My program seems to be correctly evaluating and incrementing for the head element but when it finishes greaterThan for that element the program returns false. I've tried researching and understanding lists and recursive calls in prolog but I've been hitting a wall. I'm not sure if it fails because you can't recursively run the increment relation or if there's some other issue with my list relation. Any clarification on how to tackle this issue and how prolog functions here would be helpful.


Solution

  • Lets start with your first code snippet:

    testHead(List).  
    testHead([H|T]) :-
        greaterThan(H,T,0),
        teastHead(T).
    

    You got the idea of recursion but I see four problems.

    First: there is only one attribute for testHead, which means (besides true and false) you get nothing back. So it should look more like this: testHead([H|T], L) ....

    Second: you need to know when to stop. This is normally the first line of a predicate. Yours states: anything matches. But it should say something like: if there is no element left, I can "return" an empty list. testHead([],[]).

    Third: You call greaterThan(H,T,0) with the fixed value 0, which means you want to test if the "output" value is zero. Which is not the case, you want to count stuff. So put a variable here: N

    Fourth: If you have calculated a value N you have to forward it to the outputlist. Since you will get the list Nlist from your recursive call, you can create a new list with N as the head element and Nlist as the tail and "return" this new list.

    Conclusion:

    testHead([],[]).
    testHead([H|T],[N|Nlist]) :-
        greaterThan(H,T,N),
        testHead(T,Nlist).
    

    Sadly we can not test it yet, we have to have a look at greaterThan/3. Your snippet is the following:

    greaterThan(H,[X|T],C) :-
        H > X ->
        C2 is C+1,
        greaterThan(H,T,C2);
        greaterThan(H,T,C).
    

    And also here are some parts odd.

    First: You need to tell when to stop. Usually you stop with the empty list [] or if the list has only one element left [A]. If you are not interested in the content of A you use a "throw away variable" which starts with an underscore _. This results in: greaterThan(_,[],0). Which means: if my list is empty, there are 0 numbers greater in my list, no matter what the refence value was. Also since the order of rules matters you put this on top of your recursion rule.

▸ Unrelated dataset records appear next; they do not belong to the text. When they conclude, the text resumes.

(* Linear independence of the T_k: compare leading coefficients. *)
lemma cheb_independent:
  "(\<Sum>k\<le>N. smult (f k) (cheb k)) = 0 \<Longrightarrow> k \<le> N \<Longrightarrow> f k = 0"
proof (induction N arbitrary: k)
  case 0
  then show ?case by simp
next
  case (Suc N)
  have "0 = coeff (\<Sum>k\<le>Suc N. smult (f k) (cheb k)) (Suc N)"
    using Suc.prems(1) by (simp only: coeff_0)
  also have "\<dots> = (\<Sum>k\<le>N. f k * coeff (cheb k) (Suc N)) + f (Suc N) * coeff (cheb (Suc N)) (Suc N)"
    by (simp add: coeff_sum)
  also have "(\<Sum>k\<le>N. f k * coeff (cheb k) (Suc N)) = 0"
    by (rule sum.neutral) (auto simp: coeff_eq_0)
  finally have fN: "f (Suc N) = 0" by (simp add: cheb_lead)
  then have "(\<Sum>k\<le>N. smult (f k) (cheb k)) = 0" using Suc.prems by simp
  then show ?case using Suc fN by (cases "k = Suc N") auto
qed

lemma cheb_coeffs_expansion:
  "(\<forall>k>degree Q. cheb_coeffs Q k = 0) \<and> Q = (\<Sum>k\<le>degree Q. smult (cheb_coeffs Q k) (cheb k))"
proof -
  have "\<exists>!d. (\<forall>k>degree Q. d k = 0) \<and> Q = (\<Sum>k\<le>degree Q. smult (d k) (cheb k))"
  proof (rule ex_ex1I)
    show "\<exists>d. (\<forall>k>degree Q. d k = 0) \<and> Q = (\<Sum>k\<le>degree Q. smult (d k) (cheb k))"
      by (rule cheb_expansion_exists)
  next
    fix d e
    assume d: "(\<forall>k>degree Q. d k = 0) \<and> Q = (\<Sum>k\<le>degree Q. smult (d k) (cheb k))"
       and e: "(\<forall>k>degree Q. e k = 0) \<and> Q = (\<Sum>k\<le>degree Q. smult (e k) (cheb k))"
    have "(\<Sum>k\<le>degree Q. smult (d k - e k) (cheb k)) = 0"
      using d e by (simp add: smult_diff_left sum_subtractf)
    then have "\<And>k. k \<le> degree Q \<Longrightarrow> d k - e k = 0" by (rule cheb_independent)
    then show "d = e" using d e by (metis eq_iff_diff_eq_0 not_le ext)
  qed
  then show ?thesis unfolding cheb_coeffs_def by (rule theI')
qed

lemma coeff_via_cheb_coeffs:
  "coeff Q j = (\<Sum>k=j..degree Q. cheb_coeffs Q k * coeff (cheb k) j)"
proof -
  have "coeff Q j = coeff (\<Sum>k\<le>degree Q. smult (cheb_coeffs Q k) (cheb k)) j"
    using cheb_coeffs_expansion[of Q] by metis
  also have "\<dots> = (\<Sum>k\<le>degree Q. cheb_coeffs Q k * coeff (cheb k) j)"
    by (simp add: coeff_sum)
  also have "\<dots> = (\<Sum>k=j..degree Q. cheb_coeffs Q k * coeff (cheb k) j)"
    by (rule sum.mono_neutral_right) (auto simp: coeff_eq_0)
  finally show ?thesis .
qed

lemma sum_top_indices:
  fixes f :: "nat \<Rightarrow> 'a::comm_monoid_add"
  shows "(\<Sum>k=m+5..m+5. f k) = f (m + 5)"
    and "(\<Sum>k=m+4..m+5. f k) = f (m + 4) + f (m + 5)"
    and "(\<Sum>k=m+3..m+5. f k) = f (m + 3) + f (m + 4) + f (m + 5)"
    and "(\<Sum>k=m+2..m+5. f k) = f (m + 2) + f (m + 3) + f (m + 4) + f (m + 5)"
    and "(\<Sum>k=m+1..m+5. f k) = f (m + 1) + f (m + 2) + f (m + 3) + f (m + 4) + f (m + 5)"
  by (simp_all add: sum.atLeast_Suc_atMost eval_nat_numeral add.assoc)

    Second: You got the cases right, so if H is larger than the head X of the list do something, otherwise "ignore" X by just calling the same predicate without X. The problem appears in the something part: since the value of C2 is unificated before C you need to calculate C depending on C2 and not vice versa. C is C2+1 means: I know the value C2 from the recursion call and since H>X I want to add one to its value and "return" it.

    Third: You know the value of C2 just after asking greaterThan(H,T,C2), so put the C is C2+1 after it.

    Ok, now we got:

    greaterThan(_,[],0).
    greaterThan(H,[X|T],C) :-
        H > X ->
        greaterThan(H,T,C2),
        C is C2+1;
        greaterThan(H,T,C).
    
    testHead([],[]).
    testHead([H|T],[N|Nlist]) :-
        greaterThan(H,T,N),
        testHead(T,Nlist).
    

    Lets test it!

    ?- testHead( [7,2,4,3,6,9,8,10,12,5],L).
    L = [5, 0, 1, 0, 1, 2, 1, 1, 1, 0] ;
    false.
    

    Looks good besides that you don't want a list but a total number. Ok, here you go:

    testHead([],0).
    testHead([H|T],New) :-
        greaterThan(H,T,N),
        testHead(T,NN),
        New is NN+N.
    
    ?- testHead( [7,2,4,3,6,9,8,10,12,5],N).
    N = 12 ;
    false.
    

    Explanation: if your input list is empty, there is nothing to be done, "return" the neutral element for addition: 0.
    If your inputlist has a head element H, calculate the "greater as N remaining elements" through greaterThan(H,T,N). Assume your code works so you can call testHead(T,NN) for your tail list T and get the sum value NN. If both values N and NN are known, add them and state it as the "return".